lemma fixed_point_kernel:
  assumes A: "is_mat n (A a)" and G: "is_mat n (G a)" and fac: "gram_factorization n X L R"
    and psd: "psd n X" and fx: "X = gram_sum n N G + channel n N A X" and a: "a < N"
  defines "K \<equiv> idm n - mmult n R L"
  shows "mmult n (G a) K = 0" "mmult n L (mmult n (A a) K) = 0"
proof -
  have L: "is_mat n L" "is_mat n R" and XL: "mmult n (adj L) L = X"
    using fac unfolding gram_factorization_def by auto
  have LK: "mmult n L K = 0"
    unfolding K_def by (rule gram_factorization_projection(5)[OF fac])
  have K: "is_mat n K"
    unfolding K_def by (intro is_mat_diff is_mat_idm is_mat_mmult L)
  have "mmult n (G a) K k j = 0 \<and> mmult n L (mmult n (A a) K) k j = 0" for k j
  proof (cases "k < n")
    case True
    define v where "v = (\<lambda>i. K i j)"
    have "mvec n L v i = 0" for i
      unfolding v_def mvec_column LK by simp
    then have "quad_form n X v = 0"
      unfolding XL[symmetric] quad_form_gram by simp
    from fixed_point_quad_form_eq_0[OF psd fx this a]
    have "quad_form n (mmult n (adj (G a)) (G a)) v = 0" "quad_form n (mmult n (adj L) L) (mvec n (A a) v) = 0"
      unfolding XL .
    then have "mvec n (G a) v k = 0" "mvec n L (mvec n (A a) v) k = 0"
      using True by (simp_all add: quad_form_gram_eq_0D)
    then show ?thesis
      unfolding v_def mvec_mvec mvec_column by (simp add: mmult_assoc)
  next
    case False
    have "is_mat n (mmult n (G a) K)" "is_mat n (mmult n L (mmult n (A a) K))"
      by (intro is_mat_mmult G A L(1) K)+
    then show ?thesis
      using False unfolding is_mat_def by blast
  qed
  then show "mmult n (G a) K = 0" "mmult n L (mmult n (A a) K) = 0"
    by (simp_all add: fun_eq_iff)
qed

lemma gram_sum_gauged:
  assumes N: "0 < N" and fac: "gram_factorization n X L R" and fx: "X = gram_sum n N G + channel n N A X"
  defines "P \<equiv> mmult n L R"
  shows "gram_sum n N (\<lambda>a. mmult n (G a) R)
    + gram_sum n N (\<lambda>a. mmult n (mmult n L (A a)) R + (if a = 0 then idm n - P else 0)) = idm n"
proof -
  have L: "is_mat n L" "is_mat n R" and XL: "mmult n (adj L) L = X"
    using fac unfolding gram_factorization_def by auto
  note P = gram_factorization_projection[OF fac, folded P_def]
  have "gram_sum n N (\<lambda>a. mmult n (mmult n L (A a)) R + (if a = 0 then idm n - P else 0))
      = gram_sum n N (\<lambda>a. mmult n (mmult n L (A a)) R) + mmult n (adj (idm n - P)) (idm n - P)"
    using N P(4) by (intro gram_sum_add_orthogonal) (simp_all add: adj_mmult mmult_assoc)
  also have "gram_sum n N (\<lambda>a. mmult n (mmult n L (A a)) R) = mmult n (adj R) (mmult n (channel n N A X) R)"
    unfolding gram_sum_mmult_right XL[symmetric] channel_gram ..
  also have "mmult n (adj (idm n - P)) (idm n - P) = idm n - P"
    using is_mat_mmult[OF L] unfolding P_def[symmetric]
    by (simp add: adj_diff P(1,2) mmult_diff_left mmult_diff_right mmult_idm_left mmult_idm_right is_mat_idm)
  finally have "gram_sum n N (\<lambda>a. mmult n (G a) R)
      + gram_sum n N (\<lambda>a. mmult n (mmult n L (A a)) R + (if a = 0 then idm n - P else 0))
      = mmult n (adj R) (mmult n X R) + (idm n - P)"
    using arg_cong[OF fx, of "\<lambda>Y. mmult n (adj R) (mmult n Y R)"]
    unfolding gram_sum_mmult_right by (simp only: mmult_add_left mmult_add_right add.assoc)
  also have "mmult n (adj R) (mmult n X R) = mmult n (adj P) P"
    unfolding XL[symmetric] P_def by (simp add: adj_mmult mmult_assoc)
  also have "mmult n (adj P) P + (idm n - P) = idm n"
    unfolding P(1,2) by simp
  finally show ?thesis .
qed
lemma bij_betw_insert_after:
  assumes "c \<notin> A"
  shows "bij_betw (\<lambda>(j, w). insert_after c j w) (A \<times> permutations_of_set A)
           {u \<in> permutations_of_set (insert c A). hd u \<noteq> c}"
proof -
  have rev_X: "bij_betw (\<lambda>(j, w). (j, rev w))
      (A \<times> permutations_of_set A) (A \<times> permutations_of_set A)"
    by (rule bij_betw_byWitness[where f' = "\<lambda>(j, w). (j, rev w)"])
      (auto simp: permutations_of_set_def)
  have rev_Y: "bij_betw rev {u \<in> permutations_of_set (insert c A). last u \<noteq> c}
                 {u \<in> permutations_of_set (insert c A). hd u \<noteq> c}"
    by (rule bij_betw_byWitness[where f' = rev])
      (simp_all add: image_subset_iff permutations_of_set_def hd_rev last_rev)
  have "(\<lambda>(j, w). insert_after c j w) =
      rev \<circ> (\<lambda>(j, w). insert_before c j w) \<circ> (\<lambda>(j, w). (j, rev w))"
    by (auto simp: insert_after_eq_rev)
  then show ?thesis
    using bij_betw_trans[OF bij_betw_trans[OF rev_X bij_betw_insert_before[OF assms]] rev_Y]
    by (simp add: comp_assoc)
qed

lemma is_Tspace_Tspace_gen: "is_Tspace (Tspace_gen S)"
  unfolding is_Tspace_def Tspace_gen_def by blast

lemma Tspace_gen_minus:
  assumes "p \<in> Tspace_gen S" and "q \<in> Tspace_gen S"
  shows "p - q \<in> Tspace_gen S"
proof -
  have "p - q = nc_add p (nc_smult (-1) q)"
    by (simp add: diff_conv_add_uminus plus_ncpoly_def uminus_ncpoly_def)
  then show ?thesis
    using is_Tspace_Tspace_gen assms unfolding is_Tspace_def by metis
qed

lemma Tspace_gen_sum:
  "(\<And>i. i \<in> I \<Longrightarrow> f i \<in> Tspace_gen S) \<Longrightarrow>
    (\<Sum>i\<in>I. f i) \<in> Tspace_gen S"
  using is_Tspace_Tspace_gen[of S]
  by (induction I rule: infinite_finite_induct)
     (simp_all add: is_Tspace_def zero_ncpoly_def plus_ncpoly_def)

lemma Tspace_gen_subst: "p \<in> S \<Longrightarrow> subst \<phi> p \<in> Tspace_gen S"
  unfolding Tspace_gen_def is_Tspace_def by blast

lemma Sym_Suc_minus_Sym_mult_var:
  assumes "d \<ge> 1"
  shows "Sym (d+1) var - nc_mult (Sym d var) (var (d+1)) =
    (\<Sum>j=1..d. subst (var(j := nc_mult (var (d+1)) (var j))) (Sym d var) :: 'k::field ncpoly)"
    (is "?lhs = ?rhs")
proof (rule ncpoly_eqI)
  fix u
  let ?T = "{u \<in> permutations_of_set {1..d+1}. last u \<noteq> d+1}"
  have "d + 1 \<notin> {1..d}" and "insert (d+1) {1..d} = {1..d+1}"
    by auto
  then have bij: "bij_betw (\<lambda>(j, w). concat (map (\<lambda>a. if a = j then [d+1, j] else [a]) w))
      ({1..d} \<times> permutations_of_set {1..d}) ?T"
    using bij_betw_insert_before[of "d+1" "{1..d}"] unfolding insert_before_def by simp
  have "coeff ?rhs u = (if u \<in> ?T then 1 else 0)"
    by (rule coeff_sum_subst_Sym[OF assms _ bij]) (rule coeff_var_upd_monomial[OF coeff_mult_var_var])
  then show "coeff ?lhs u = coeff ?rhs u"
    using coeff_Sym_mult_var[OF assms, of u] by (auto simp: coeff_Sym_var)
qed
(* For every $n\ge 1$, the graph $\widehat{G}_n$ is connected, has maximum degree $3$, has $|V(\widehat{G}_n)| = 6\cdot 4^{n-1}$ vertices, and satisfies $$Z(\widehat{G}_n)\ \ge\ t_n+1=\frac{8\cdot 4^{n-1}+1}{3}\ =\ \Big(\frac49+\frac{1}{18\cdot 4^{n-1}}\Big)|V(\widehat{G}_n)|\ \ge\ \frac49\,|V(\widehat{G}_n)|.$$ In particular, the statement "$Z(G)\le \frac13|V(G)|+2$ for every connected graph $G$ of maximum degree $3$" is false.
   Context: Zero forcing: given a graph and a set $S$ of vertices initially colored black (all others white), repeatedly apply the rule: if a black vertex $v$ has exactly one white neighbor $u$, then $u$ becomes black. $S$ is a zero forcing set if eventually every vertex becomes black. $Z(G)$ is the minimum size of a zero forcing set of $G$. Subdivided $K_4$: the complete graph on 4 vertices $a,b,c,e$ with the edge $ab$ subdivided by a new vertex $s$ (5 vertices, edges $as, sb, ac, ae, bc, be, ce$); $s$ is its subdivision vertex. $B_d$ ($d\ge1$) is the complete binary tree with $2^d-1$ vertices and root $r$. $G_n$ ($n\ge1$): take $B_{2n-1}$ with root $r_n$, and for every leaf $\ell$ of $B_{2n-1}$ attach a new copy of the subdivided $K_4$ by identifying $\ell$ with its subdivision vertex. $\widehat{G}_n$ is obtained from $G_n$ by adding a new vertex $y_n$ adjacent only to $r_n$. $t_1=2$, $t_{n+1}=4t_n+2$ for $n\ge1$. *)

theory Defs
  imports Complex_Main
begin

definition simple_graph :: "'a set \<Rightarrow> ('a \<Rightarrow> 'a \<Rightarrow> bool) \<Rightarrow> bool" where
  "simple_graph V E \<longleftrightarrow> finite V \<and> (\<forall>x y. E x y \<longrightarrow> x \<in> V \<and> y \<in> V)
     \<and> (\<forall>x y. E x y \<longrightarrow> E y x) \<and> (\<forall>x. \<not> E x x)"

definition connected_graph :: "'a set \<Rightarrow> ('a \<Rightarrow> 'a \<Rightarrow> bool) \<Rightarrow> bool" where
  "connected_graph V E \<longleftrightarrow> V \<noteq> {} \<and>
     (\<forall>u\<in>V. \<forall>v\<in>V. (\<lambda>x y. x \<in> V \<and> y \<in> V \<and> E x y)\<^sup>*\<^sup>* u v)"

definition degree :: "'a set \<Rightarrow> ('a \<Rightarrow> 'a \<Rightarrow> bool) \<Rightarrow> 'a \<Rightarrow> nat" where
  "degree V E v = card {u \<in> V. E v u}"

definition max_degree :: "'a set \<Rightarrow> ('a \<Rightarrow> 'a \<Rightarrow> bool) \<Rightarrow> nat" where
  "max_degree V E = Max (degree V E ` V)"

definition force_step :: "'a set \<Rightarrow> ('a \<Rightarrow> 'a \<Rightarrow> bool) \<Rightarrow> 'a set \<Rightarrow> 'a set \<Rightarrow> bool" where
  "force_step V E B B' \<longleftrightarrow> (\<exists>v u. v \<in> B \<and> u \<in> V \<and> u \<notin> B \<and> E v u \<and>
      (\<forall>w\<in>V. E v w \<and> w \<notin> B \<longrightarrow> w = u) \<and> B' = insert u B)"
(* Let $L=(L_{ij})$ be a Latin square of order $6$ on $\{1,\dots,6\}$ whose first row is $(1,2,3,4,5,6)$, whose rows $2,3$ begin with $(2,3,1)$ and $(3,1,2)$ respectively, and whose rows $4,5,6$ begin with $(4,5,6)$, $(5,6,4)$, $(6,4,5)$ respectively (the remaining entries being arbitrary subject to $L$ being a Latin square). Let $\Psi=(\psi_{ij})$ with $\psi_{ij}=\ket{L_{ij}}$, and let $\Phi=(\phi_{ij})$ be a quantum Latin square of order $6$ orthogonal to $\Psi$ with $\phi_{1j}=\ket{j}$ for $j=1,\dots,6$. Then there exist complex numbers $a_k,b_k,c_k$ ($k=1,\dots,6$) and complex scalars $\lambda_{ij}$ ($i\in\{4,5,6\}$, $j\in\{1,2,3\}$) such that, in coordinates with respect to $\ket{1},\dots,\ket{6}$, $\phi_{41}=\lambda_{41}(0,a_2,a_3,0,a_5,a_6)$, $\phi_{42}=\lambda_{42}(b_1,0,b_3,b_4,0,b_6)$, $\phi_{43}=\lambda_{43}(c_1,c_2,0,c_4,c_5,0)$, $\phi_{51}=\lambda_{51}(0,-c_2,c_3,-c_4,0,c_6)$, $\phi_{52}=\lambda_{52}(a_1,0,-a_3,a_4,-a_5,0)$, $\phi_{53}=\lambda_{53}(-b_1,b_2,0,0,b_5,-b_6)$, $\phi_{61}=\lambda_{61}(0,b_2,b_3,b_4,b_5,0)$, $\phi_{62}=\lambda_{62}(c_1,0,c_3,0,c_5,c_6)$, $\phi_{63}=\lambda_{63}(a_1,a_2,0,a_4,0,a_6)$.
   Context: A quantum Latin square (QLS) of order $n$ is an $n\times n$ matrix $\Psi=(\psi_{ij})_{1\le i,j\le n}$ whose entries are unit vectors in $\mathbb C^n$ such that the entries of each row and the entries of each column form an orthonormal basis of $\mathbb C^n$. Two QLS $\Psi=(\psi_{ij})$ and $\Phi=(\phi_{ij})$ of order $n$ are orthogonal if $\{\psi_{ij}\otimes\phi_{ij}: 1\le i,j\le n\}$ is an orthonormal basis of $\mathbb C^n\otimes\mathbb C^n$. $\ket{1},\dots,\ket{n}$ denotes the standard orthonormal basis of $\mathbb C^n$. *)

theory Defs
  imports Complex_Main
begin

text \<open>Vectors of \<open>\<complex>\<^sup>n\<close> are represented as functions \<open>nat \<Rightarrow> complex\<close>,
  the coordinates with respect to the standard basis \<open>|1>,...,|n>\<close> being the
  values at \<open>1..n\<close>. Vectors of \<open>\<complex>\<^sup>n \<otimes> \<complex>\<^sup>n\<close> are functions
  \<open>nat \<times> nat \<Rightarrow> complex\<close> with coordinates at \<open>{1..n} \<times> {1..n}\<close>.\<close>

definition ket :: "nat \<Rightarrow> nat \<Rightarrow> complex" where
  "ket j = (\<lambda>k. if k = j then 1 else 0)"

definition tensor :: "(nat \<Rightarrow> complex) \<Rightarrow> (nat \<Rightarrow> complex) \<Rightarrow> (nat \<times> nat \<Rightarrow> complex)" where
  "tensor u v = (\<lambda>(k, l). u k * v l)"

definition cinner_on :: "'k set \<Rightarrow> ('k \<Rightarrow> complex) \<Rightarrow> ('k \<Rightarrow> complex) \<Rightarrow> complex" where
  "cinner_on K u v = (\<Sum>k\<in>K. cnj (u k) * v k)"

definition orthonormal_basis_on :: "'k set \<Rightarrow> 'i set \<Rightarrow> ('i \<Rightarrow> 'k \<Rightarrow> complex) \<Rightarrow> bool" where
  "orthonormal_basis_on K I vs \<longleftrightarrow>
     (\<forall>a\<in>I. \<forall>b\<in>I. cinner_on K (vs a) (vs b) = (if a = b then 1 else 0)) \<and>
     (\<forall>w :: 'k \<Rightarrow> complex. \<exists>c :: 'i \<Rightarrow> complex. \<forall>k\<in>K. w k = (\<Sum>a\<in>I. c a * vs a k))"

definition quantum_latin_square :: "nat \<Rightarrow> (nat \<Rightarrow> nat \<Rightarrow> nat \<Rightarrow> complex) \<Rightarrow> bool" where
  "quantum_latin_square n \<Psi> \<longleftrightarrow>
     (\<forall>i\<in>{1..n}. orthonormal_basis_on {1..n} {1..n} (\<lambda>j. \<Psi> i j)) \<and>
     (\<forall>j\<in>{1..n}. orthonormal_basis_on {1..n} {1..n} (\<lambda>i. \<Psi> i j))"

definition orthogonal_qls :: "nat \<Rightarrow> (nat \<Rightarrow> nat \<Rightarrow> nat \<Rightarrow> complex) \<Rightarrow> (nat \<Rightarrow> nat \<Rightarrow> nat \<Rightarrow> complex) \<Rightarrow> bool" where
  "orthogonal_qls n \<Psi> \<Phi> \<longleftrightarrow>
     orthonormal_basis_on ({1..n} \<times> {1..n}) ({1..n} \<times> {1..n})
       (\<lambda>(i, j). tensor (\<Psi> i j) (\<Phi> i j))"

definition latin_square :: "nat \<Rightarrow> (nat \<Rightarrow> nat \<Rightarrow> nat) \<Rightarrow> bool" where
  "latin_square n L \<longleftrightarrow>
     (\<forall>i\<in>{1..n}. bij_betw (\<lambda>j. L i j) {1..n} {1..n}) \<and>
     (\<forall>j\<in>{1..n}. bij_betw (\<lambda>i. L i j) {1..n} {1..n})"

definition has_coords :: "(nat \<Rightarrow> complex) \<Rightarrow> complex list \<Rightarrow> bool" where
  "has_coords v xs \<longleftrightarrow> (\<forall>k\<in>{1..length xs}. v k = xs ! (k - 1))"

end

theory Submission
  imports Defs
begin

text \<open>Entries of \<open>\<Phi>\<close> sharing a row, a column or (through the orthogonality with
  \<open>|L\<^sub>i\<^sub>j\<rangle>\<close>) a symbol form orthonormal bases, so their rank-one projections
  sum to the identity. The symbols 4, 5, 6 fill exactly the two off-diagonal
  \<open>3 \<times> 3\<close> blocks, and inclusion-exclusion over the first three columns, the
  symbols 4, 5, 6 and the first three rows shows that the nine lower left entries
  form a tight frame with bound \<open>3/2\<close>. They split into three triples, each
  orthogonal to the other six entries, and three unit vectors forming such a
  frame are linearly dependent with nonzero coefficients. Orthogonality to the
  first row, the standard basis, makes \<open>\<phi>\<^sub>i\<^sub>j\<close> vanish at the coordinates
  \<open>j\<close> and \<open>L\<^sub>i\<^sub>j\<close>, and together with the dependence this yields the
  coordinate patterns.\<close>

lemma cinner_on_cong:
  assumes "\<And>k. k \<in> K \<Longrightarrow> u k = u' k" "\<And>k. k \<in> K \<Longrightarrow> v k = v' k"
  shows "cinner_on K u v = cinner_on K u' v'"
  using assms unfolding cinner_on_def by (intro sum.cong) auto

lemma cinner_on_commute: "cinner_on K v u = cnj (cinner_on K u v)"
  unfolding cinner_on_def by (simp add: mult_ac)

lemma cinner_on_scale: "cinner_on K (\<lambda>k. a * u k) (\<lambda>k. b * v k) = cnj a * b * cinner_on K u v"
  unfolding cinner_on_def sum_distrib_left by (intro sum.cong) (auto simp: mult_ac)

lemma cinner_on_zero_left: "(\<And>k. k \<in> K \<Longrightarrow> u k = 0) \<Longrightarrow> cinner_on K u v = 0"
  unfolding cinner_on_def by simp

lemma cinner_on_delta_left:
  assumes "finite K" "j \<in> K"
  shows "cinner_on K (\<lambda>k. if k = j then 1 else 0) v = v j"
proof -
  have "cinner_on K (\<lambda>k. if k = j then 1 else 0) v = (\<Sum>k\<in>K. if k = j then v k else 0)"
    unfolding cinner_on_def by (intro sum.cong) auto
  then show ?thesis
    using assms by simp
qed

lemma cinner_on_tensor_ket:
  assumes "finite K" "s \<in> K" "t \<in> K"
  shows "cinner_on (K \<times> K) (tensor (ket s) u) (tensor (ket t) v)
           = (if s = t then cinner_on K u v else 0)"
proof -
  have "cinner_on (K \<times> K) (tensor (ket s) u) (tensor (ket t) v)
      = (\<Sum>a\<in>K. \<Sum>b\<in>K. cnj (ket s a * u b) * (ket t a * v b))"
    unfolding cinner_on_def tensor_def by (simp add: sum.cartesian_product case_prod_unfold)
  also have "\<dots> = (\<Sum>a\<in>K. if a = s \<and> a = t then cinner_on K u v else 0)"
    unfolding cinner_on_def by (intro sum.cong) (auto simp: ket_def)
  also have "\<dots> = (if s = t then cinner_on K u v else 0)"
    using assms by (cases "s = t") (auto intro: sum.neutral)
  finally show ?thesis .
qed

lemma orthonormal_basis_on_cinner:
  assumes "orthonormal_basis_on K I vs" "a \<in> I" "b \<in> I"
  shows "cinner_on K (vs a) (vs b) = (if a = b then 1 else 0)"
  using assms unfolding orthonormal_basis_on_def by blast

text \<open>The coefficients of the \<open>l\<close>-th standard basis vector in the basis
  \<open>vs\<close> are \<open>cnj (vs a l)\<close>.\<close>
lemma orthonormal_basis_on_resolution:
  assumes onb: "orthonormal_basis_on K I vs" and "finite K" "finite I" "k \<in> K" "l \<in> K"
  shows "(\<Sum>a\<in>I. vs a k * cnj (vs a l)) = (if k = l then 1 else 0)"
proof -
  have "\<exists>c. \<forall>m\<in>K. (if m = l then 1 else 0) = (\<Sum>a\<in>I. c a * vs a m)"
    using onb unfolding orthonormal_basis_on_def by (rule conjunct2[THEN spec])
  then obtain c where c: "\<And>m. m \<in> K \<Longrightarrow> (if m = l then 1 else 0) = (\<Sum>a\<in>I. c a * vs a m)"
    by blast
  have "cnj (vs b l) = c b" if "b \<in> I" for b
  proof -
    have "cnj (vs b l) = cnj (cinner_on K (\<lambda>m. if m = l then 1 else 0) (vs b))"
      using assms by (simp add: cinner_on_delta_left)
    also have "\<dots> = cinner_on K (vs b) (\<lambda>m. if m = l then 1 else 0)"
      by (simp add: cinner_on_commute[of K "vs b"])
    also have "\<dots> = cinner_on K (vs b) (\<lambda>m. \<Sum>a\<in>I. c a * vs a m)"
      by (rule cinner_on_cong) (simp_all add: c)
    also have "\<dots> = (\<Sum>a\<in>I. c a * cinner_on K (vs b) (vs a))"
      unfolding cinner_on_def sum_distrib_left by (subst sum.swap) (simp add: mult_ac)
    also have "\<dots> = (\<Sum>a\<in>I. if a = b then c a else 0)"
      using onb that by (intro sum.cong) (auto simp: orthonormal_basis_on_cinner)
    also have "\<dots> = c b"
      using assms that by simp
    finally show ?thesis .
  qed
  then have "(\<Sum>a\<in>I. vs a k * cnj (vs a l)) = (\<Sum>a\<in>I. c a * vs a k)"
    by (intro sum.cong) (auto simp: mult_ac)
  also have "\<dots> = (if k = l then 1 else 0)"
    using c[OF \<open>k \<in> K\<close>] by simp
  finally show ?thesis .
qed

lemma frame_reconstruction:
  assumes "finite K" "k \<in> K"
    and "\<And>k l. k \<in> K \<Longrightarrow> l \<in> K \<Longrightarrow> (\<Sum>t\<in>T. u t k * cnj (u t l)) = (if k = l then c else 0)"
  shows "(\<Sum>t\<in>T. u t k * cinner_on K (u t) v) = c * v k"
proof -
  have "(\<Sum>t\<in>T. u t k * cinner_on K (u t) v) = (\<Sum>l\<in>K. (\<Sum>t\<in>T. u t k * cnj (u t l)) * v l)"
    unfolding cinner_on_def sum_distrib_left sum_distrib_right
    by (subst sum.swap) (simp add: mult_ac)
  also have "\<dots> = (\<Sum>l\<in>K. if l = k then c * v l else 0)"
    using assms by (intro sum.cong) auto
  also have "\<dots> = c * v k"
    using assms by simp
  finally show ?thesis .
qed

lemma triple_frame_cinner_nonzero:
  assumes u: "\<forall>k\<in>K. u k = 2 * (v k * cinner_on K v u + w k * cinner_on K w u)"
    and w: "\<forall>k\<in>K. w k = 2 * (u k * cinner_on K u w + v k * cinner_on K v w)"
    and unit: "cinner_on K u u = 1" "cinner_on K v v = 1" "cinner_on K w w = 1"
  shows "cinner_on K u w \<noteq> 0"
proof
  assume uw: "cinner_on K u w = 0"
  then have "cinner_on K w u = 0"
    by (simp add: cinner_on_commute[of K w])
  then have u_par: "\<forall>k\<in>K. u k = 2 * cinner_on K v u * v k"
    using u by (simp add: mult_ac)
  have w_par: "\<forall>k\<in>K. w k = 2 * cinner_on K v w * v k"
    using w uw by (simp add: mult_ac)
  have "cinner_on K u w
      = cinner_on K (\<lambda>k. 2 * cinner_on K v u * v k) (\<lambda>k. 2 * cinner_on K v w * v k)"
    using u_par w_par by (intro cinner_on_cong) auto
  also have "\<dots> = 4 * cinner_on K u v * cinner_on K v w"
    by (simp add: cinner_on_scale unit cinner_on_commute[of K v u])
  finally have "cinner_on K v u = 0 \<or> cinner_on K v w = 0"
    using uw by (simp add: cinner_on_commute[of K u v])
  then show False
  proof
    assume "cinner_on K v u = 0"
    then have "cinner_on K u u = 0"
      using u_par by (intro cinner_on_zero_left) auto
    then show False using unit by simp
  next
    assume "cinner_on K v w = 0"
    then have "cinner_on K w w = 0"
      using w_par by (intro cinner_on_zero_left) auto
    then show False using unit by simp
  qed
qed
★ ★ ★ ★
Wherever the string "noteq" is found in the entries, copy the line it sits in.

           {u \<in> permutations_of_set (insert c A). hd u \<noteq> c}"
  have rev_Y: "bij_betw rev {u \<in> permutations_of_set (insert c A). last u \<noteq> c}
                 {u \<in> permutations_of_set (insert c A). hd u \<noteq> c}"
  let ?T = "{u \<in> permutations_of_set {1..d+1}. last u \<noteq> d+1}"
  "connected_graph V E \<longleftrightarrow> V \<noteq> {} \<and>
  shows "cinner_on K u w \<noteq> 0"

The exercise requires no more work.